__Task prompt__
Restate the entries word for word, leaving nothing out.

__Study material__
○ ○ ○

lemma card_image_staircase:
  fixes n r t :: nat
  assumes "1 \<le> r" "r \<le> n"
  shows "card ((\<lambda>j. j * t + min j r) ` {1..n}) = (if t = 0 then r else n)"
proof (cases "t = 0")
  case True
  have "(\<lambda>j. min j r) ` {1..n} = {1..r}"
    using assms by (force intro: image_eqI[of _ _ "min _ r"])
  then show ?thesis using True by simp
next
  case False
  have "strict_mono_on {1..n} (\<lambda>j. j * t + min j r)"
    using False by (intro strict_mono_onI add_less_le_mono) auto
  then show ?thesis using False by (simp add: card_image strict_mono_on_imp_inj_on)
qed

lemma card_staircase_points:
  fixes n q r :: nat
  assumes "1 \<le> r" "r \<le> n"
  shows "card {z. Re z \<in> real ` {0..q} \<and> (\<exists>j\<in>{1..n}. Im z = real j * Re z + real (min j r))}
    = r + q * n"
proof -
  define column where
    "column t = (\<lambda>m. Complex (real t) (real m)) ` (\<lambda>j. j * t + min j r) ` {1..n}" for t :: nat
  have card_column: "card (column t) = (if t = 0 then r else n)" for t
  proof -
    have "card (column t) = card ((\<lambda>j. j * t + min j r) ` {1..n})"
      unfolding column_def by (rule card_image) (auto simp: inj_on_def)
    then show ?thesis using card_image_staircase[OF assms] by simp
  qed
  have "{z. Re z \<in> real ` {0..q} \<and> (\<exists>j\<in>{1..n}. Im z = real j * Re z + real (min j r))}
      = (\<Union>t\<in>{0..q}. column t)"
  proof (intro set_eqI iffI)
    fix z
    assume "z \<in> {z. Re z \<in> real ` {0..q} \<and> (\<exists>j\<in>{1..n}. Im z = real j * Re z + real (min j r))}"
    then obtain t j where "t \<in> {0..q}" "j \<in> {1..n}"
      "z = Complex (real t) (real (j * t + min j r))"
      by (auto simp: complex_eq_iff)
    then show "z \<in> (\<Union>t\<in>{0..q}. column t)"
      unfolding column_def image_image by blast
  qed (auto simp: column_def)
  also have "card \<dots> = (\<Sum>t\<in>{0..q}. card (column t))"
    by (rule card_UN_disjoint) (auto simp: column_def)
  also have "\<dots> = r + q * n"
    unfolding card_column by (induction q) auto
  finally show ?thesis .
qed

lemma polyan_exists_card_zeros:
  fixes n k :: nat
  assumes "1 \<le> k" "k \<le> n\<^sup>2"
  obtains a where "is_polyan_coeffs a" "polyan_degree a = n"
    "finite (polyan_zeros a)" "card (polyan_zeros a) = k"
proof -
  define q where "q = (k - 1) div n"
  define r where "r = (k - 1) mod n + 1"
  have "n > 0" using assms by (cases n) auto
  then have r: "1 \<le> r" "r \<le> n" by (auto simp: r_def Suc_le_eq)
  have k: "k = r + q * n"
    using assms(1) div_mult_mod_eq[of "k - 1" n] by (simp add: q_def r_def)
  have "k - 1 < n * n" using assms by (simp add: power2_eq_square)
  then have "q < n" unfolding q_def by (simp add: less_mult_imp_div_less)
  then have "card (real ` {0..q}) \<le> card {1..n}" by (simp add: card_image)
  from polyan_exists_zeros_lines[OF finite_imageI finite_atLeastAtMost this,
      where \<beta> = 1 and c = "\<lambda>j. real j" and d = "\<lambda>j. real (min j r)"]
  obtain a where a: "is_polyan_coeffs a" "polyan_degree a = card {1..n}"
    "polyan_zeros a = {z. 1 * (\<Prod>t\<in>real ` {0..q}. Re z - t) = 0
      \<and> (\<Prod>j\<in>{1..n}. Im z - real j * Re z - real (min j r)) = 0}"
    by blast
  have "polyan_zeros a
      = {z. Re z \<in> real ` {0..q} \<and> (\<exists>j\<in>{1..n}. Im z = real j * Re z + real (min j r))}"
    unfolding a(3) by (simp add: diff_eq_eq add.commute)
  then have "card (polyan_zeros a) = k"
    using card_staircase_points[OF r] k by simp
  moreover have "finite (polyan_zeros a)"
    using \<open>card (polyan_zeros a) = k\<close> assms(1) by (intro card_ge_0_finite) simp
  ultimately show ?thesis using that a(1,2) by simp
qed

lemma polyan_exists_no_zeros:
  obtains a where "is_polyan_coeffs a" "polyan_degree a = n" "polyan_zeros a = {}"
proof -
  have "card ({} :: real set) \<le> card {1..n}" by simp
  from polyan_exists_zeros_lines[OF finite.emptyI finite_atLeastAtMost this,
      where \<beta> = 1 and c = "\<lambda>_. 0" and d = "\<lambda>_. 0"]
  obtain a where "is_polyan_coeffs a" "polyan_degree a = card {1..n}"
    "polyan_zeros a = {z. 1 * (\<Prod>t\<in>{}. Re z - t) = 0
      \<and> (\<Prod>j\<in>{1..n}. Im z - 0 * Re z - 0) = 0}"
    by blast
  then show ?thesis using that by simp
qed

lemma polyan_exists_infinite_zeros:
  assumes "n \<ge> 1"
  obtains a where "is_polyan_coeffs a" "polyan_degree a = n" "infinite (polyan_zeros a)"
proof -
  have "card ({} :: real set) \<le> card {1..n}" by simp
  from polyan_exists_zeros_lines[OF finite.emptyI finite_atLeastAtMost this,
      where \<beta> = 0 and c = "\<lambda>_. 0" and d = "\<lambda>_. 1"]
  obtain a where a: "is_polyan_coeffs a" "polyan_degree a = card {1..n}"
    "polyan_zeros a = {z. 0 * (\<Prod>t\<in>{}. Re z - t) = 0
      \<and> (\<Prod>j\<in>{1..n}. Im z - 0 * Re z - 1) = 0}"
    by blast
  have "range (\<lambda>x. Complex x 1) \<subseteq> polyan_zeros a"
    unfolding a(3) using assms by auto
  moreover have "infinite (range (\<lambda>x. Complex x 1))"
    using finite_imageD[of "\<lambda>x. Complex x 1" UNIV] infinite_UNIV_char_0
    by (auto simp: inj_on_def)
  ultimately have "infinite (polyan_zeros a)" using finite_subset by blast
  then show ?thesis using that a(1,2) by simp
qed

theorem theorem2p16:
  fixes n :: nat
  assumes "n \<ge> 1"
  shows "(\<forall>k \<le> n^2. \<exists>a. is_polyan_coeffs a \<and> polyan_degree a = n \<and>
              finite (polyan_zeros a) \<and> card (polyan_zeros a) = k)
         \<and> (\<exists>a. is_polyan_coeffs a \<and> polyan_degree a = n \<and> infinite (polyan_zeros a))"
proof (intro conjI allI impI)
  fix k :: nat assume k: "k \<le> n^2"
  show "\<exists>a. is_polyan_coeffs a \<and> polyan_degree a = n \<and>
      finite (polyan_zeros a) \<and> card (polyan_zeros a) = k"
  proof (cases "k = 0")
    case True
    obtain a where "is_polyan_coeffs a" "polyan_degree a = n" "polyan_zeros a = {}"
      by (rule polyan_exists_no_zeros)
    then show ?thesis using True by auto
  next
    case False
    then have "1 \<le> k" by simp
    from polyan_exists_card_zeros[OF this k] show ?thesis by blast
  qed
next
  from polyan_exists_infinite_zeros[OF assms]
  show "\<exists>a. is_polyan_coeffs a \<and> polyan_degree a = n \<and> infinite (polyan_zeros a)" by blast
qed

end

○ ○ ○

__Written solution__
lemma card_image_staircase:
  fixes n r t :: nat
  assumes "1 \<le> r" "r \<le> n"
  shows "card ((\<lambda>j. j * t + min j r) ` {1..n}) = (if t = 0 then r else n)"
proof (cases "t = 0")
  case True
  have "(\<lambda>j. min j r) ` {1..n} = {1..r}"
    using assms by (force intro: image_eqI[of _ _ "min _ r"])
  then show ?thesis using True by simp
next
  case False
  have "strict_mono_on {1..n} (\<lambda>j. j * t + min j r)"
    using False by (intro strict_mono_onI add_less_le_mono) auto
  then show ?thesis using False by (simp add: card_image strict_mono_on_imp_inj_on)
qed

lemma card_staircase_points:
  fixes n q r :: nat
  assumes "1 \<le> r" "r \<le> n"
  shows "card {z. Re z \<in> real ` {0..q} \<and> (\<exists>j\<in>{1..n}. Im z = real j * Re z + real (min j r))}
    = r + q * n"
proof -
  define column where
    "column t = (\<lambda>m. Complex (real t) (real m)) ` (\<lambda>j. j * t + min j r) ` {1..n}" for t :: nat
  have card_column: "card (column t) = (if t = 0 then r else n)" for t
  proof -
    have "card (column t) = card ((\<lambda>j. j * t + min j r) ` {1..n})"
      unfolding column_def by (rule card_image) (auto simp: inj_on_def)
    then show ?thesis using card_image_staircase[OF assms] by simp
  qed
  have "{z. Re z \<in> real ` {0..q} \<and> (\<exists>j\<in>{1..n}. Im z = real j * Re z + real (min j r))}
      = (\<Union>t\<in>{0..q}. column t)"
  proof (intro set_eqI iffI)
    fix z
    assume "z \<in> {z. Re z \<in> real ` {0..q} \<and> (\<exists>j\<in>{1..n}. Im z = real j * Re z + real (min j r))}"
    then obtain t j where "t \<in> {0..q}" "j \<in> {1..n}"
      "z = Complex (real t) (real (j * t + min j r))"
      by (auto simp: complex_eq_iff)
    then show "z \<in> (\<Union>t\<in>{0..q}. column t)"
      unfolding column_def image_image by blast
  qed (auto simp: column_def)
  also have "card \<dots> = (\<Sum>t\<in>{0..q}. card (column t))"
    by (rule card_UN_disjoint) (auto simp: column_def)
  also have "\<dots> = r + q * n"
    unfolding card_column by (induction q) auto
  finally show ?thesis .
qed

lemma polyan_exists_card_zeros:
  fixes n k :: nat
  assumes "1 \<le> k" "k \<le> n\<^sup>2"
  obtains a where "is_polyan_coeffs a" "polyan_degree a = n"
    "finite (polyan_zeros a)" "card (polyan_zeros a) = k"
proof -
  define q where "q = (k - 1) div n"
  define r where "r = (k - 1) mod n + 1"
  have "n > 0" using assms by (cases n) auto
  then have r: "1 \<le> r" "r \<le> n" by (auto simp: r_def Suc_le_eq)
  have k: "k = r + q * n"
    using assms(1) div_mult_mod_eq[of "k - 1" n] by (simp add: q_def r_def)
  have "k - 1 < n * n" using assms by (simp add: power2_eq_square)
  then have "q < n" unfolding q_def by (simp add: less_mult_imp_div_less)
  then have "card (real ` {0..q}) \<le> card {1..n}" by (simp add: card_image)
  from polyan_exists_zeros_lines[OF finite_imageI finite_atLeastAtMost this,
      where \<beta> = 1 and c = "\<lambda>j. real j" and d = "\<lambda>j. real (min j r)"]
  obtain a where a: "is_polyan_coeffs a" "polyan_degree a = card {1..n}"
    "polyan_zeros a = {z. 1 * (\<Prod>t\<in>real ` {0..q}. Re z - t) = 0
      \<and> (\<Prod>j\<in>{1..n}. Im z - real j * Re z - real (min j r)) = 0}"
    by blast
  have "polyan_zeros a
      = {z. Re z \<in> real ` {0..q} \<and> (\<exists>j\<in>{1..n}. Im z = real j * Re z + real (min j r))}"
    unfolding a(3) by (simp add: diff_eq_eq add.commute)
  then have "card (polyan_zeros a) = k"
    using card_staircase_points[OF r] k by simp
  moreover have "finite (polyan_zeros a)"
    using \<open>card (polyan_zeros a) = k\<close> assms(1) by (intro card_ge_0_finite) simp
  ultimately show ?thesis using that a(1,2) by simp
qed

lemma polyan_exists_no_zeros:
  obtains a where "is_polyan_coeffs a" "polyan_degree a = n" "polyan_zeros a = {}"
proof -
  have "card ({} :: real set) \<le> card {1..n}" by simp
  from polyan_exists_zeros_lines[OF finite.emptyI finite_atLeastAtMost this,
      where \<beta> = 1 and c = "\<lambda>_. 0" and d = "\<lambda>_. 0"]
  obtain a where "is_polyan_coeffs a" "polyan_degree a = card {1..n}"
    "polyan_zeros a = {z. 1 * (\<Prod>t\<in>{}. Re z - t) = 0
      \<and> (\<Prod>j\<in>{1..n}. Im z - 0 * Re z - 0) = 0}"
    by blast
  then show ?thesis using that by simp
qed

lemma polyan_exists_infinite_zeros:
  assumes "n \<ge> 1"
  obtains a where "is_polyan_coeffs a" "polyan_degree a = n" "infinite (polyan_zeros a)"
proof -
  have "card ({} :: real set) \<le> card {1..n}" by simp
  from polyan_exists_zeros_lines[OF finite.emptyI finite_atLeastAtMost this,
      where \<beta> = 0 and c = "\<lambda>_. 0" and d = "\<lambda>_. 1"]
  obtain a where a: "is_polyan_coeffs a" "polyan_degree a = card {1..n}"
    "polyan_zeros a = {z. 0 * (\<Prod>t\<in>{}. Re z - t) = 0
      \<and> (\<Prod>j\<in>{1..n}. Im z - 0 * Re z - 1) = 0}"
    by blast
  have "range (\<lambda>x. Complex x 1) \<subseteq> polyan_zeros a"
    unfolding a(3) using assms by auto
  moreover have "infinite (range (\<lambda>x. Complex x 1))"
    using finite_imageD[of "\<lambda>x. Complex x 1" UNIV] infinite_UNIV_char_0
    by (auto simp: inj_on_def)
  ultimately have "infinite (polyan_zeros a)" using finite_subset by blast
  then show ?thesis using that a(1,2) by simp
qed

theorem theorem2p16:
  fixes n :: nat
  assumes "n \<ge> 1"
  shows "(\<forall>k \<le> n^2. \<exists>a. is_polyan_coeffs a \<and> polyan_degree a = n \<and>
              finite (polyan_zeros a) \<and> card (polyan_zeros a) = k)
         \<and> (\<exists>a. is_polyan_coeffs a \<and> polyan_degree a = n \<and> infinite (polyan_zeros a))"
proof (intro conjI allI impI)
  fix k :: nat assume k: "k \<le> n^2"
  show "\<exists>a. is_polyan_coeffs a \<and> polyan_degree a = n \<and>
      finite (polyan_zeros a) \<and> card (polyan_zeros a) = k"
  proof (cases "k = 0")
    case True
    obtain a where "is_polyan_coeffs a" "polyan_degree a = n" "polyan_zeros a = {}"
      by (rule polyan_exists_no_zeros)
    then show ?thesis using True by auto
  next
    case False
    then have "1 \<le> k" by simp
    from polyan_exists_card_zeros[OF this k] show ?thesis by blast
  qed
next
  from polyan_exists_infinite_zeros[OF assms]
  show "\<exists>a. is_polyan_coeffs a \<and> polyan_degree a = n \<and> infinite (polyan_zeros a)" by blast
qed

end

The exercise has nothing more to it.